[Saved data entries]
lemma hyp2F1_ode:
  assumes "c \<notin> \<int>\<^sub>\<le>\<^sub>0" "norm z < 1"
  shows "z * (1 - z) * hyp2F1_deriv 2 a b c z + (c - (a + b + 1) * z) * hyp2F1_deriv 1 a b c z
           - a * b * hyp2F1 a b c z = 0"
proof -
  define A where "A = hyp2F1_coeff a b c"
  define F where "F k = hyp2F1_deriv k a b c z" for k
  have sums_F: "(\<lambda>n. (diffs ^^ k) A n * z ^ n) sums F k" for k
    unfolding A_def F_def hyp2F1_deriv_def by (intro summable_sums summable_hyp2F1_deriv_series assms)
  have "(\<lambda>n. diffs A n * z ^ n) sums F 1"
    using sums_F[of 1] by simp
  then have zF1: "(\<lambda>n. of_nat n * A n * z ^ n) sums (z * F 1)"
    by (rule sums_diffs_mult)
  have "(\<lambda>n. diffs (diffs A) n * z ^ n) sums F 2"
    using sums_F[of 2] by (simp add: numeral_2_eq_2)
  then have zF2: "(\<lambda>n. of_nat n * diffs A n * z ^ n) sums (z * F 2)"
    by (rule sums_diffs_mult)
  then have "(\<lambda>n. diffs (\<lambda>m. (of_nat m - 1) * A m) n * z ^ n) sums (z * F 2)"
    by (simp add: diffs_def mult_ac)
  then have zzF2: "(\<lambda>n. of_nat n * ((of_nat n - 1) * A n) * z ^ n) sums (z * (z * F 2))"
    by (rule sums_diffs_mult)
  have recurrence: "(c + of_nat n) * diffs A n = (a + of_nat n) * (b + of_nat n) * A n" for n
  proof -
    have "c + of_nat n \<noteq> 0"
      using assms(1) minus_of_nat_in_nonpos_Ints[of n] by (auto simp: add_eq_0_iff2)
    then show ?thesis
      by (simp add: diffs_def A_def hyp2F1_coeff_Suc del: of_nat_Suc)
  qed
  have "(\<lambda>n. of_nat n * diffs A n * z ^ n - of_nat n * ((of_nat n - 1) * A n) * z ^ n
         + c * (diffs A n * z ^ n) - (a + b + 1) * (of_nat n * A n * z ^ n) - a * b * (A n * z ^ n))
        sums (z * F 2 - z * (z * F 2) + c * F 1 - (a + b + 1) * (z * F 1) - a * b * F 0)"
    (is "(\<lambda>n. ?t n) sums ?S")
    using sums_F[of 0] sums_F[of 1] by (intro sums_diff sums_add sums_mult zF1 zF2 zzF2) simp_all
  moreover have "?t n = z ^ n * ((c + of_nat n) * diffs A n - (a + of_nat n) * (b + of_nat n) * A n)"
    for n by (simp add: algebra_simps)
  ultimately have "(\<lambda>n. 0) sums ?S"
    by (simp add: recurrence)
  then have "?S = 0"
    using sums_unique2 sums_zero by blast
  then show ?thesis
    by (simp add: F_def algebra_simps)
qed

text \<open>
  Since f'' + \<omega>^2 f = (D + i\<omega>)(D - i\<omega>) f, the integrating factors exp (\<mp>i\<omega>w) kill the two
  first-order factors in turn.
\<close>

lemma oscillator_solution_eq_0:
  fixes f f' :: "complex \<Rightarrow> complex"
  assumes "convex S" "z\<^sub>0 \<in> S" "w \<in> S"
    and f: "\<And>w. w \<in> S \<Longrightarrow> (f has_field_derivative f' w) (at w within S)"
    and f': "\<And>w. w \<in> S \<Longrightarrow> (f' has_field_derivative - (\<omega>\<^sup>2 * f w)) (at w within S)"
    and "f z\<^sub>0 = 0" "f' z\<^sub>0 = 0"
  shows "f w = 0"
proof -
  have "\<exists>k. \<forall>v\<in>S. (f' v + \<i> * \<omega> * f v) * exp (- \<i> * \<omega> * v) = k"
  proof (rule has_field_derivative_zero_constant[OF \<open>convex S\<close>])
    fix v assume "v \<in> S"
    show "((\<lambda>v. (f' v + \<i> * \<omega> * f v) * exp (- \<i> * \<omega> * v)) has_field_derivative 0) (at v within S)"
      by (rule derivative_eq_intros f f' \<open>v \<in> S\<close> refl)+ (simp add: algebra_simps power2_eq_square)
  qed
  then obtain k where k: "\<And>v. v \<in> S \<Longrightarrow> (f' v + \<i> * \<omega> * f v) * exp (- \<i> * \<omega> * v) = k"
    by blast
  have "k = 0"
    using k[OF \<open>z\<^sub>0 \<in> S\<close>] assms(6,7) by simp
  have f'_eq: "f' v = - \<i> * \<omega> * f v" if "v \<in> S" for v
  proof -
    have "f' v + \<i> * \<omega> * f v = 0"
      using k[OF that] \<open>k = 0\<close> by simp
    then show ?thesis
      by (simp add: eq_neg_iff_add_eq_0)
  qed
  have "\<exists>k. \<forall>v\<in>S. f v * exp (\<i> * \<omega> * v) = k"
  proof (rule has_field_derivative_zero_constant[OF \<open>convex S\<close>])
    fix v assume "v \<in> S"
    show "((\<lambda>v. f v * exp (\<i> * \<omega> * v)) has_field_derivative 0) (at v within S)"
      by (rule derivative_eq_intros f \<open>v \<in> S\<close> refl)+ (simp add: f'_eq[OF \<open>v \<in> S\<close>] algebra_simps)
  qed
  then obtain k' where "\<And>v. v \<in> S \<Longrightarrow> f v * exp (\<i> * \<omega> * v) = k'"
    by blast
  with assms(2,3,6) show ?thesis
    by (metis exp_not_eq_zero mult_eq_0_iff)
qed

lemma hyp2F1_sin_squared_times_cos:
  "\<forall>\<^sub>F w in nhds 0. hyp2F1 a (1 - a) (1/2) (sin w ^ 2) * cos w = cos ((1 - 2 * a) * w)"
proof -
  have "open {w::complex. norm (sin w ^ 2) < 1}"
    by (intro open_Collect_less continuous_intros)
  then obtain \<rho> where "\<rho> > 0" and small: "\<And>w::complex. w \<in> ball 0 \<rho> \<Longrightarrow> norm (sin w ^ 2) < 1"
    by (rule openE[of _ 0]) (auto simp: subset_eq)
  define \<omega> where "\<omega> = 1 - 2 * a"
  define F where "F k w = hyp2F1_deriv k a (1 - a) (1/2) (sin w ^ 2)" for k w
  define f where "f w = hyp2F1 a (1 - a) (1/2) (sin w ^ 2) * cos w - cos (\<omega> * w)" for w
  define f' where "f' w = 2 * sin w * cos w ^ 2 * F 1 w - sin w * F 0 w + \<omega> * sin (\<omega> * w)" for w
  have "f w = 0" if "w \<in> ball 0 \<rho>" for w
  proof (rule oscillator_solution_eq_0[where S = "ball 0 \<rho>" and z\<^sub>0 = 0 and f = f and f' = f' and \<omega> = \<omega>])
    fix v :: complex assume v: "v \<in> ball 0 \<rho>"
    show "(f has_field_derivative f' v) (at v within ball 0 \<rho>)"
      unfolding f_def[abs_def] f'_def F_def
      by (rule derivative_eq_intros refl small[OF v])+ (simp add: algebra_simps power2_eq_square)
    have "(1/2 :: complex) \<notin> \<int>\<^sub>\<le>\<^sub>0"
      by auto
    from hyp2F1_ode[OF this small[OF v], of a "1 - a"]
    have ode: "sin v ^ 2 * (1 - sin v ^ 2) * F 2 v + (1/2 - 2 * sin v ^ 2) * F 1 v - a * (1 - a) * F 0 v = 0"
      by (simp add: F_def)
    show "(f' has_field_derivative - (\<omega>\<^sup>2 * f v)) (at v within ball 0 \<rho>)"
      unfolding f_def f'_def[abs_def] F_def
      by (rule derivative_eq_intros refl small[OF v])+
         (use ode sin_cos_squared_add[of v] in \<open>(simp add: F_def \<omega>_def numeral_2_eq_2), algebra\<close>)
  qed (use \<open>\<rho> > 0\<close> that in \<open>auto simp: f_def f'_def\<close>)
  then show ?thesis
    using eventually_nhds_ball[OF \<open>\<rho> > 0\<close>, of 0] by (auto elim!: eventually_mono simp: f_def \<omega>_def)
qed

lemma has_field_derivative_linepath_integral:
  assumes "f holomorphic_on S" "open S" "convex S" "a \<in> S" "z \<in> S"
  shows "((\<lambda>z. contour_integral (linepath a z) f) has_field_derivative f z) (at z)"
proof (rule triangle_contour_integrals_starlike_primitive[OF _ \<open>a \<in> S\<close> \<open>open S\<close> \<open>z \<in> S\<close>])
  show "continuous_on S f"
    using assms(1) by (rule holomorphic_on_imp_continuous_on)
  show "closed_segment a y \<subseteq> S" if "y \<in> S" for y
    using assms(3,4) that by (rule convex_contains_segment[THEN iffD1, rule_format])
  fix b c assume "closed_segment b c \<subseteq> S"
  then have "convex hull {a, b, c} \<subseteq> S"
    using assms(3,4) by (intro hull_minimal) auto
  then have "f holomorphic_on convex hull {a, b, c}"
    using assms(1) by (rule holomorphic_on_subset[rotated])
  then show "contour_integral (linepath a b) f + contour_integral (linepath b c) f +
      contour_integral (linepath c a) f = 0"
    by (rule has_chain_integral_chain_integral3[OF Cauchy_theorem_triangle])
qed

definition elliptic_integrand :: "real \<Rightarrow> complex \<Rightarrow> complex" where
  "elliptic_integrand \<kappa> t = hyp2F1 (1/6) (5/6) (1/2) ((of_real \<kappa>)\<^sup>2 * t\<^sup>2) / csqrt (1 - t\<^sup>2)"

lemma U_of_phi_altdef: "U_of_phi \<kappa> \<phi> = contour_integral (linepath 0 (sin \<phi>)) (elliptic_integrand \<kappa>)"
  by (simp add: U_of_phi_def elliptic_integrand_def[abs_def])

lemma holomorphic_on_elliptic_integrand:
  assumes "\<bar>\<kappa>\<bar> \<le> 1"
  shows "elliptic_integrand \<kappa> holomorphic_on ball 0 1"
  unfolding elliptic_integrand_def[abs_def]
proof (intro holomorphic_intros)
  fix t :: complex assume "t \<in> ball 0 1"
  then have t: "norm t < 1" by simp
  have "norm ((of_real \<kappa>)\<^sup>2 * t\<^sup>2) = \<kappa>\<^sup>2 * norm t ^ 2"
    by (simp add: norm_mult norm_power)
  also have "\<dots> \<le> norm t ^ 2"
    using assms by (intro mult_left_le_one_le) (auto simp: abs_square_le_1)
  also have "\<dots> < 1"
    using t by (simp add: power_less_one_iff)
  finally show "norm ((of_real \<kappa>)\<^sup>2 * t\<^sup>2) < 1" .
  show "1 - t\<^sup>2 \<notin> \<real>\<^sub>\<le>\<^sub>0"
    using t abs_Re_le_cmod[of t] by (intro one_minus_z2_notin_nonpos_Reals) linarith
  then show "csqrt (1 - t\<^sup>2) \<noteq> 0"
    by auto
qed

lemma U_of_phi_inverse_deriv:
  assumes "\<bar>\<kappa>\<bar> \<le> 1" "\<phi> holomorphic_on S" "open S" "u \<in> S"
    and inverse: "\<And>v. v \<in> S \<Longrightarrow> U_of_phi \<kappa> (\<phi> v) = v"
    and "norm (sin (\<phi> u)) < 1"
  shows "elliptic_integrand \<kappa> (sin (\<phi> u)) * (cos (\<phi> u) * deriv \<phi> u) = 1"
proof -
  define V where "V s = contour_integral (linepath 0 s) (elliptic_integrand \<kappa>)" for s
  have "(V has_field_derivative elliptic_integrand \<kappa> (sin (\<phi> u))) (at (sin (\<phi> u)))"
    unfolding V_def using holomorphic_on_elliptic_integrand[OF assms(1)] assms(6)
    by (intro has_field_derivative_linepath_integral) auto
  moreover have "((\<lambda>v. sin (\<phi> v)) has_field_derivative cos (\<phi> u) * deriv \<phi> u) (at u)"
    using holomorphic_derivI[OF assms(2,3,4)] by (rule DERIV_chain2[OF DERIV_sin])
  ultimately have "((\<lambda>v. V (sin (\<phi> v))) has_field_derivative
      elliptic_integrand \<kappa> (sin (\<phi> u)) * (cos (\<phi> u) * deriv \<phi> u)) (at u)"
    by (rule DERIV_chain2)
  moreover have "((\<lambda>v. V (sin (\<phi> v))) has_field_derivative 1) (at u)"
    by (rule has_field_derivative_transform_within_open[OF DERIV_ident \<open>open S\<close> \<open>u \<in> S\<close>])
       (simp add: V_def inverse flip: U_of_phi_altdef)
  ultimately show ?thesis
    by (rule DERIV_unique)
qed

lemma tendsto_nhds_holomorphic:
  assumes "f holomorphic_on S" "open S" "z \<in> S"
  shows "filterlim f (nhds (f z)) (nhds z)"
  using holomorphic_on_imp_continuous_on[OF assms(1)] assms(2,3)
  by (simp add: continuous_on_eq_continuous_at isCont_def tendsto_at_iff_tendsto_nhds)

lemma cos_psi_identity_algebraic:
  fixes H R k s\<^sub>\<phi> c\<^sub>\<phi> s\<^sub>\<psi> c\<^sub>\<psi> \<phi>' \<psi>' :: complex
  assumes "H * c\<^sub>\<phi> * \<phi>' = R" "R\<^sup>2 = 1 - s\<^sub>\<phi>\<^sup>2"
    and "c\<^sub>\<psi> * \<psi>' = k * (c\<^sub>\<phi> * \<phi>')" "s\<^sub>\<psi> = k * s\<^sub>\<phi>" "s\<^sub>\<psi>\<^sup>2 + c\<^sub>\<psi>\<^sup>2 = 1"
  shows "(H * c\<^sub>\<psi>)\<^sup>2 * (- s\<^sub>\<psi> * \<psi>')\<^sup>2 = (1 - c\<^sub>\<psi>\<^sup>2) * (c\<^sub>\<psi>\<^sup>2 - (1 - k\<^sup>2))"
proof -
  have "(H * c\<^sub>\<psi>)\<^sup>2 * (- s\<^sub>\<psi> * \<psi>')\<^sup>2 = s\<^sub>\<psi>\<^sup>2 * (H * (c\<^sub>\<psi> * \<psi>'))\<^sup>2"
    by (simp add: power_mult_distrib)
  also have "\<dots> = s\<^sub>\<psi>\<^sup>2 * k\<^sup>2 * (H * c\<^sub>\<phi> * \<phi>')\<^sup>2"
    unfolding assms(3) by (simp add: power_mult_distrib)
  also have "\<dots> = s\<^sub>\<psi>\<^sup>2 * k\<^sup>2 * (1 - s\<^sub>\<phi>\<^sup>2)"
    using assms(1,2) by simp
  also have "\<dots> = (1 - c\<^sub>\<psi>\<^sup>2) * (c\<^sub>\<psi>\<^sup>2 - (1 - k\<^sup>2))"
  proof -
    have "c\<^sub>\<psi>\<^sup>2 = 1 - k\<^sup>2 * s\<^sub>\<phi>\<^sup>2"
      using assms(4,5) by (simp add: power_mult_distrib eq_diff_eq add.commute)
    then show ?thesis
      unfolding assms(4) by algebra
  qed
  finally show ?thesis .
qed

lemma cos_psi_identity_near_0:
  fixes \<kappa> :: real and \<phi> \<psi> :: "complex \<Rightarrow> complex"
  assumes "\<bar>\<kappa>\<bar> \<le> 1" "open S" "0 \<in> S"
    and \<phi>: "\<phi> holomorphic_on S" "\<phi> 0 = 0" "\<And>u. u \<in> S \<Longrightarrow> U_of_phi \<kappa> (\<phi> u) = u"
    and \<psi>: "\<psi> holomorphic_on S" "\<psi> 0 = 0" "\<And>u. u \<in> S \<Longrightarrow> sin (\<psi> u) = of_real \<kappa> * sin (\<phi> u)"
  shows "\<forall>\<^sub>F u in nhds 0. (cos (2/3 * \<psi> u))\<^sup>2 * (deriv (\<lambda>v. cos (\<psi> v)) u)\<^sup>2
           = (1 - (cos (\<psi> u))\<^sup>2) * ((cos (\<psi> u))\<^sup>2 - (1 - (of_real \<kappa>)\<^sup>2))"
proof -
  have "\<forall>\<^sub>F u in nhds 0. u \<in> S"
    using assms(2,3) by (rule eventually_nhds_in_open)
  moreover have "((\<lambda>u. norm (sin (\<phi> u))) \<longlongrightarrow> norm (sin (\<phi> 0))) (nhds 0)"
    by (intro tendsto_intros tendsto_nhds_holomorphic[OF \<phi>(1) assms(2,3)])
  then have "\<forall>\<^sub>F u in nhds 0. norm (sin (\<phi> u)) < 1"
    by (rule order_tendstoD) (simp add: \<phi>(2))
  moreover have "\<forall>\<^sub>F u in nhds 0. hyp2F1 (1/6) (5/6) (1/2) (sin (\<psi> u) ^ 2) * cos (\<psi> u) = cos (2/3 * \<psi> u)"
    using eventually_compose_filterlim[OF hyp2F1_sin_squared_times_cos[of "1/6"]
        tendsto_nhds_holomorphic[OF \<psi>(1) assms(2,3), unfolded \<psi>(2)]]
    by simp
  ultimately show ?thesis
  proof eventually_elim
    case (elim u)
    then have u: "u \<in> S" "norm (sin (\<phi> u)) < 1"
      and H: "hyp2F1 (1/6) (5/6) (1/2) (sin (\<psi> u) ^ 2) * cos (\<psi> u) = cos (2/3 * \<psi> u)"
      by blast+
    have \<phi>': "elliptic_integrand \<kappa> (sin (\<phi> u)) * (cos (\<phi> u) * deriv \<phi> u) = 1"
      using U_of_phi_inverse_deriv[OF assms(1) \<phi>(1) assms(2) u(1) \<phi>(3) u(2)] .
    have d\<psi>: "(\<psi> has_field_derivative deriv \<psi> u) (at u)"
      by (rule holomorphic_derivI[OF \<psi>(1) assms(2) u(1)])
    have "((\<lambda>v. sin (\<psi> v)) has_field_derivative cos (\<psi> u) * deriv \<psi> u) (at u)"
      using d\<psi> by (rule DERIV_chain2[OF DERIV_sin])
    moreover have "((\<lambda>v. sin (\<psi> v)) has_field_derivative of_real \<kappa> * (cos (\<phi> u) * deriv \<phi> u)) (at u)"
      by (rule has_field_derivative_transform_within_open[OF _ assms(2) u(1)])
         (use holomorphic_derivI[OF \<phi>(1) assms(2) u(1)] \<psi>(3) in \<open>auto intro!: derivative_eq_intros\<close>)
    ultimately have \<psi>': "cos (\<psi> u) * deriv \<psi> u = of_real \<kappa> * (cos (\<phi> u) * deriv \<phi> u)"
      by (rule DERIV_unique)
    have dcos: "deriv (\<lambda>v. cos (\<psi> v)) u = - sin (\<psi> u) * deriv \<psi> u"
      using d\<psi> by (intro DERIV_imp_deriv DERIV_chain2[OF DERIV_cos])
    have R: "hyp2F1 (1/6) (5/6) (1/2) (sin (\<psi> u) ^ 2) * cos (\<phi> u) * deriv \<phi> u
        = csqrt (1 - sin (\<phi> u) ^ 2)"
      using \<phi>' by (auto simp: elliptic_integrand_def \<psi>(3)[OF u(1)] power_mult_distrib field_simps)
    show ?case
      unfolding H[symmetric] dcos
      by (rule cos_psi_identity_algebraic[OF R _ \<psi>' \<psi>(3)[OF u(1)] sin_cos_squared_add]) simp
  qed
qed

» **TASK TO CARRY OUT**
Would you set down, word for word, the lines from the opening of the entries above through the line with "using sums_F[of 0]", both included, and no others?

» **RESULT OF THE TASK**
lemma hyp2F1_ode:
  assumes "c \<notin> \<int>\<^sub>\<le>\<^sub>0" "norm z < 1"
  shows "z * (1 - z) * hyp2F1_deriv 2 a b c z + (c - (a + b + 1) * z) * hyp2F1_deriv 1 a b c z
           - a * b * hyp2F1 a b c z = 0"
proof -
  define A where "A = hyp2F1_coeff a b c"
  define F where "F k = hyp2F1_deriv k a b c z" for k
  have sums_F: "(\<lambda>n. (diffs ^^ k) A n * z ^ n) sums F k" for k
    unfolding A_def F_def hyp2F1_deriv_def by (intro summable_sums summable_hyp2F1_deriv_series assms)
  have "(\<lambda>n. diffs A n * z ^ n) sums F 1"
    using sums_F[of 1] by simp
  then have zF1: "(\<lambda>n. of_nat n * A n * z ^ n) sums (z * F 1)"
    by (rule sums_diffs_mult)
  have "(\<lambda>n. diffs (diffs A) n * z ^ n) sums F 2"
    using sums_F[of 2] by (simp add: numeral_2_eq_2)
  then have zF2: "(\<lambda>n. of_nat n * diffs A n * z ^ n) sums (z * F 2)"
    by (rule sums_diffs_mult)
  then have "(\<lambda>n. diffs (\<lambda>m. (of_nat m - 1) * A m) n * z ^ n) sums (z * F 2)"
    by (simp add: diffs_def mult_ac)
  then have zzF2: "(\<lambda>n. of_nat n * ((of_nat n - 1) * A n) * z ^ n) sums (z * (z * F 2))"
    by (rule sums_diffs_mult)
  have recurrence: "(c + of_nat n) * diffs A n = (a + of_nat n) * (b + of_nat n) * A n" for n
  proof -
    have "c + of_nat n \<noteq> 0"
      using assms(1) minus_of_nat_in_nonpos_Ints[of n] by (auto simp: add_eq_0_iff2)
    then show ?thesis
      by (simp add: diffs_def A_def hyp2F1_coeff_Suc del: of_nat_Suc)
  qed
  have "(\<lambda>n. of_nat n * diffs A n * z ^ n - of_nat n * ((of_nat n - 1) * A n) * z ^ n
         + c * (diffs A n * z ^ n) - (a + b + 1) * (of_nat n * A n * z ^ n) - a * b * (A n * z ^ n))
        sums (z * F 2 - z * (z * F 2) + c * F 1 - (a + b + 1) * (z * F 1) - a * b * F 0)"
    (is "(\<lambda>n. ?t n) sums ?S")
    using sums_F[of 0] sums_F[of 1] by (intro sums_diff sums_add sums_mult zF1 zF2 zzF2) simp_all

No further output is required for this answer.